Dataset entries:
lemma has_bracket_of_reach_prob_close:
  fixes F :: "('o::finite, 'a::finite) model set"
  assumes "\<forall>f\<in>F. \<exists>i<n. C i f"
    and "\<And>i f g \<tau>. f \<in> F \<Longrightarrow> g \<in> F \<Longrightarrow> C i f \<Longrightarrow> C i g \<Longrightarrow> length \<tau> = H \<Longrightarrow>
           \<bar>reach_prob f \<tau> - reach_prob g \<tau>\<bar> \<le> e"
    and "0 \<le> e" "2 * e * real CARD('o \<times> 'a) ^ H \<le> \<epsilon>"
  shows "has_bracket H F \<epsilon> n"
proof -
  define rep where "rep i = (SOME f. f \<in> F \<and> C i f)" for i
  define g1 where "g1 i \<pi> \<tau> = traj_prob (rep i) \<pi> \<tau> - e * policy_prob \<pi> \<tau>" for i \<pi> \<tau>
  define g2 where "g2 i \<pi> \<tau> = traj_prob (rep i) \<pi> \<tau> + e * policy_prob \<pi> \<tau>" for i \<pi> \<tau>
  have "(\<Sum>\<tau>\<in>{\<tau>. length \<tau> = H}. \<bar>g1 i \<pi> \<tau> - g2 i \<pi> \<tau>\<bar>) \<le> \<epsilon>" if "valid_policy \<pi>" for i \<pi>
  proof -
    have "(\<Sum>\<tau>\<in>{\<tau>. length \<tau> = H}. \<bar>g1 i \<pi> \<tau> - g2 i \<pi> \<tau>\<bar>) = (\<Sum>\<tau>\<in>{\<tau>. length \<tau> = H}. 2 * e * policy_prob \<pi> \<tau>)"
      unfolding g1_def g2_def using policy_prob_bounds(1)[OF that] assms(3) by (intro sum.cong) auto
    also have "\<dots> \<le> (\<Sum>\<tau>\<in>{\<tau>::('o, 'a) hist. length \<tau> = H}. 2 * e)"
      using policy_prob_bounds[OF that] assms(3) by (intro sum_mono) (simp add: mult_left_le)
    also have "\<dots> = 2 * e * real CARD('o \<times> 'a) ^ H"
      by (simp add: card_lists_length_UNIV)
    finally show ?thesis
      using assms(4) by linarith
  qed
  moreover have "\<exists>i<n. \<forall>\<pi>. valid_policy \<pi> \<longrightarrow> (\<forall>\<tau>. length \<tau> = H \<longrightarrow>
      g1 i \<pi> \<tau> \<le> traj_prob f \<pi> \<tau> \<and> traj_prob f \<pi> \<tau> \<le> g2 i \<pi> \<tau>)" if f: "f \<in> F" for f
  proof -
    obtain i where i: "i < n" "C i f"
      using assms(1) f by blast
    then have rep: "rep i \<in> F" "C i (rep i)"
      unfolding rep_def using f someI[of "\<lambda>g. g \<in> F \<and> C i g" f] by auto
    have close: "\<bar>traj_prob f \<pi> \<tau> - traj_prob (rep i) \<pi> \<tau>\<bar> \<le> e * policy_prob \<pi> \<tau>"
      if "valid_policy \<pi>" "length \<tau> = H" for \<pi> \<tau>
    proof -
      have "\<bar>traj_prob f \<pi> \<tau> - traj_prob (rep i) \<pi> \<tau>\<bar>
          = \<bar>reach_prob f \<tau> - reach_prob (rep i) \<tau>\<bar> * policy_prob \<pi> \<tau>"
        unfolding traj_prob_eq_reach_prob_mult using policy_prob_bounds(1)[OF that(1)]
        by (simp add: left_diff_distrib[symmetric] abs_mult)
      also have "\<dots> \<le> e * policy_prob \<pi> \<tau>"
        using assms(2)[OF f rep(1) i(2) rep(2) that(2)] policy_prob_bounds(1)[OF that(1)]
        by (rule mult_right_mono)
      finally show ?thesis .
    qed
    show ?thesis
    proof (intro exI[of _ i] conjI[OF i(1)] allI impI)
      fix \<pi> :: "('o, 'a) policy" and \<tau> :: "('o, 'a) hist"
      assume "valid_policy \<pi>" "length \<tau> = H"
      then show "g1 i \<pi> \<tau> \<le> traj_prob f \<pi> \<tau> \<and> traj_prob f \<pi> \<tau> \<le> g2 i \<pi> \<tau>"
        using close[of \<pi> \<tau>] unfolding g1_def g2_def by linarith
    qed
  qed
  ultimately show ?thesis
    unfolding has_bracket_def by blast
qed

lemma bracket_number_le_covering_number:
  assumes "\<And>n. has_cover H U F \<delta> n \<Longrightarrow> has_bracket H F \<epsilon> n"
  shows "bracket_number H F \<epsilon> \<le> covering_number H U F \<delta>"
  unfolding bracket_number_def covering_number_def
  using assms by (intro Inf_superset_mono) blast

lemma bracket_width_arith:
  fixes \<alpha> \<epsilon> :: real and n_obs n_act n_U n_UA H :: nat
  assumes "1 \<le> n_obs" "1 \<le> n_U" "1 \<le> n_UA" "1 \<le> H" "0 < \<alpha>" "0 < \<epsilon>"
  defines "\<delta> \<equiv> \<alpha> * \<epsilon> / (8 * real n_obs ^ (H + 1) * real n_act ^ H * real H * real n_UA ^ 2 * real n_U)"
  shows "2 * (real H * (2 * \<delta> * n_U * n_UA / \<alpha>)) * real (n_obs * n_act) ^ H \<le> \<epsilon>"
proof (cases "n_act = 0")
  case True
  then show ?thesis
    using assms(4,6) by (simp add: \<delta>_def)
next
  case False
  have "2 * (real H * (2 * \<delta> * n_U * n_UA / \<alpha>)) * real (n_obs * n_act) ^ H = \<epsilon> / (2 * n_obs * n_UA)"
    using assms False unfolding \<delta>_def by (simp add: field_simps power2_eq_square power_mult_distrib)
  also have "\<dots> \<le> \<epsilon>"
    using assms by (simp add: field_simps) (simp add: mult_ge1_I)
  finally show ?thesis .
qed

theorem lemma15:
  fixes F :: "('o::finite, 'a::finite) model set"
    and fstar :: "('o, 'a) model"
    and H :: nat and U :: "nat \<Rightarrow> ('o, 'a) test set"
    and \<alpha> \<epsilon> :: real
  assumes "1 \<le> H"
    and "fstar \<in> F"
    and "0 < \<alpha>"
    and "psr_class H U \<alpha> F"
    and "0 < \<epsilon>"
  shows "bracket_number H F \<epsilon> \<le>
           covering_number H U F
             (\<alpha> * \<epsilon> / (8 * real CARD('o) ^ (H + 1) * real CARD('a) ^ H * real H
                        * real (card_UA H U) ^ 2 * real (card_U H U)))"
proof (rule bracket_number_le_covering_number)
  define \<delta> where "\<delta> = \<alpha> * \<epsilon> / (8 * real CARD('o) ^ (H + 1) * real CARD('a) ^ H * real H
                        * real (card_UA H U) ^ 2 * real (card_U H U))"
  define e where "e = real H * (2 * \<delta> * card_U H U * card_UA H U / \<alpha>)"
  have models: "psr_model H U \<alpha> f" if "f \<in> F" for f
    using psr_class_psr_model[OF assms(4,1) that] .
  have \<delta>: "0 \<le> \<delta>" and e: "0 \<le> e"
    using assms(3,5) by (simp_all add: \<delta>_def e_def)
  have width: "2 * e * real CARD('o \<times> 'a) ^ H \<le> \<epsilon>"
    unfolding e_def \<delta>_def card_prod
    using psr_model_card_U_ge_1[OF models[OF assms(2)]] assms(1,3,5)
    by (intro bracket_width_arith) auto
  fix n assume "has_cover H U F \<delta> n"
  then obtain M Q where near: "\<forall>f\<in>F. \<exists>i<n. psr_params_near H U \<delta> f (M i) (Q i)"
    unfolding has_cover_iff by blast
  show "has_bracket H F \<epsilon> n"
  proof (rule has_bracket_of_reach_prob_close[OF near _ e width])
    fix i f g and \<tau> :: "('o, 'a) hist"
    assume "f \<in> F" "g \<in> F" "psr_params_near H U \<delta> f (M i) (Q i)" "psr_params_near H U \<delta> g (M i) (Q i)"
      and "length \<tau> = H"
    then show "\<bar>reach_prob f \<tau> - reach_prob g \<tau>\<bar> \<le> e"
      unfolding e_def by (intro reach_prob_diff_le[OF models models assms(3) \<delta>])
  qed
qed

end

EXERCISE PROMPT:
Look above for the line holding "define \<delta> where" and the line holding "using psr_class_psr_model[OF assms(4,1)". Retype both, and every line between them, word for word and nothing else.

RESULT OF THE EXERCISE:
  define \<delta> where "\<delta> = \<alpha> * \<epsilon> / (8 * real CARD('o) ^ (H + 1) * real CARD('a) ^ H * real H
                        * real (card_UA H U) ^ 2 * real (card_U H U))"
  define e where "e = real H * (2 * \<delta> * card_U H U * card_UA H U / \<alpha>)"
  have models: "psr_model H U \<alpha> f" if "f \<in> F" for f
    using psr_class_psr_model[OF assms(4,1) that] .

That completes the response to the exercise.